(1.) The petitioners are Directors of a firm known as Harbals Private Limited Company which carries on the business of preparing Ayurvedic medicines at B. M. Das Road in Patna Town. The Excise Inspector (P. W. 3) searched the premises of the petitioner's firm and, on the 19th June, 1960, seized 21 phials of different kinds of preparations as samples. He sent them to the Excise Chemist (P. W. 4) for analysis. P. W. 4 submitted a report (exhibit 8), and thereafter P. W. 3 submitted a prosecution report (exhibit 6) against the petitioners. A Magistrate exercising first-class powers tried the petitioners, and has convicted them under Section 7 read with Section 6 of the Medicinal and Toilet Preparations (Excise Duties) Act, 1955 (hereinafter to be referred to as the Act). The 3rd Additional Sessions Judge of Patna has made this reference under Section 438 of the Code of Criminal Procedure with the recommendation, that the petitioners' conviction under Section 7 of the Act and the sentence imposed upon them be set aside.
(2.) Section 6 of the Act gives power to the Central Government to regulate the production or manufacture of dutiable goods or of specified component parts so that they may be produced or manufactured only in accordance with the terms and conditions of a licence granted under the Act. The Central Government in the Ministry of Finance (Department of Revenue) issued notification No. S. R. O. 1295, dated the 27th, April, 1957, whereby it prohibited the production or manufacture of dutiable goods except under a licence granted under the provisions of the Medicinal and Toilet Preparations (Excise Duties) Rules, 1956, which will henceforth be referred to as the Rules.
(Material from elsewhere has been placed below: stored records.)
lemma power2_norm_diff_le_infnorm:
  fixes a b :: "'a::euclidean_space"
  assumes "infnorm a \<le> \<xi>"
  shows "(norm (a - b))\<^sup>2 \<le> 2 * real DIM('a) * (\<xi>\<^sup>2 + (infnorm b)\<^sup>2)"
proof -
  have norm_sq: "(norm x)\<^sup>2 \<le> real DIM('a) * (infnorm x)\<^sup>2" for x :: 'a
    using power_mono[OF norm_le_infnorm[of x] norm_ge_zero, of 2] by (simp add: power_mult_distrib)
  have "(infnorm a)\<^sup>2 \<le> \<xi>\<^sup>2" using assms infnorm_pos_le[of a] by (intro power_mono) auto
  then have a: "(norm a)\<^sup>2 \<le> real DIM('a) * \<xi>\<^sup>2"
    using norm_sq[of a] by (meson mult_left_mono of_nat_0_le_iff order_trans)
  have "(norm (a - b))\<^sup>2 \<le> (norm a + norm b)\<^sup>2"
    by (intro power_mono norm_triangle_ineq4) auto
  also have "\<dots> \<le> 2 * (norm a)\<^sup>2 + 2 * (norm b)\<^sup>2"
    using sum_squares_bound[of "norm a" "norm b"] by (simp add: power2_sum)
  finally show ?thesis
    using a norm_sq[of b] by (simp add: algebra_simps)
qed

lemma density_ratio_nonneg:
  assumes "\<And>x. p x \<ge> 0" "\<And>x. q x \<ge> 0"
  shows "density_ratio p q x \<ge> 0"
  using assms by (simp add: density_ratio_def)

lemma borel_measurable_density_ratio [measurable]:
  assumes "p \<in> borel_measurable M" "q \<in> borel_measurable M"
  shows "density_ratio p q \<in> borel_measurable M"
  using assms unfolding density_ratio_def[abs_def] by measurable

lemma density_eq_density_density_ratio:
  assumes p: "p \<in> borel_measurable M" and q: "q \<in> borel_measurable M"
    and p_nonneg: "\<And>x. p x \<ge> 0" and q_nonneg: "\<And>x. q x \<ge> 0"
    and supp: "{x. q x > 0} \<subseteq> {x. p x > 0}"
  shows "density M (\<lambda>x. ennreal (q x))
    = density (density M (\<lambda>x. ennreal (p x))) (\<lambda>x. ennreal (density_ratio p q x))"
proof -
  have q_eq: "q x = p x * density_ratio p q x" for x
  proof (cases "p x = 0")
    case True
    then have "\<not> q x > 0" using supp by auto
    with True q_nonneg[of x] show ?thesis by simp
  qed (simp add: density_ratio_def)
  show ?thesis
    by (subst density_density_eq) (use p q in \<open>auto simp: q_eq ennreal_mult p_nonneg
        density_ratio_nonneg[OF p_nonneg q_nonneg]\<close>)
qed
(3.) The prosecution case against the petitioners is that they have contravened the provisions of the above notification by engaging in the production and manufacture of dutiable goods. The trying Magistrate has not specified the clause of Section 7, under which the petitioners are guilty; but it appears that he has applied Clause (a) of that section. The learned Additional Sessions Judge was of the opinion that the Magistrate may have applied either Clause (a) or Clause (b); but I do not think that there is any case under Clause (b) because the learned Standing Counsel has not pointed out any case of evasion of payment of any duty of excise against the petitioners. The only question, therefore, which arises for consideration is whether the petitioners' conviction under Section 7 (a) of the Act is correct.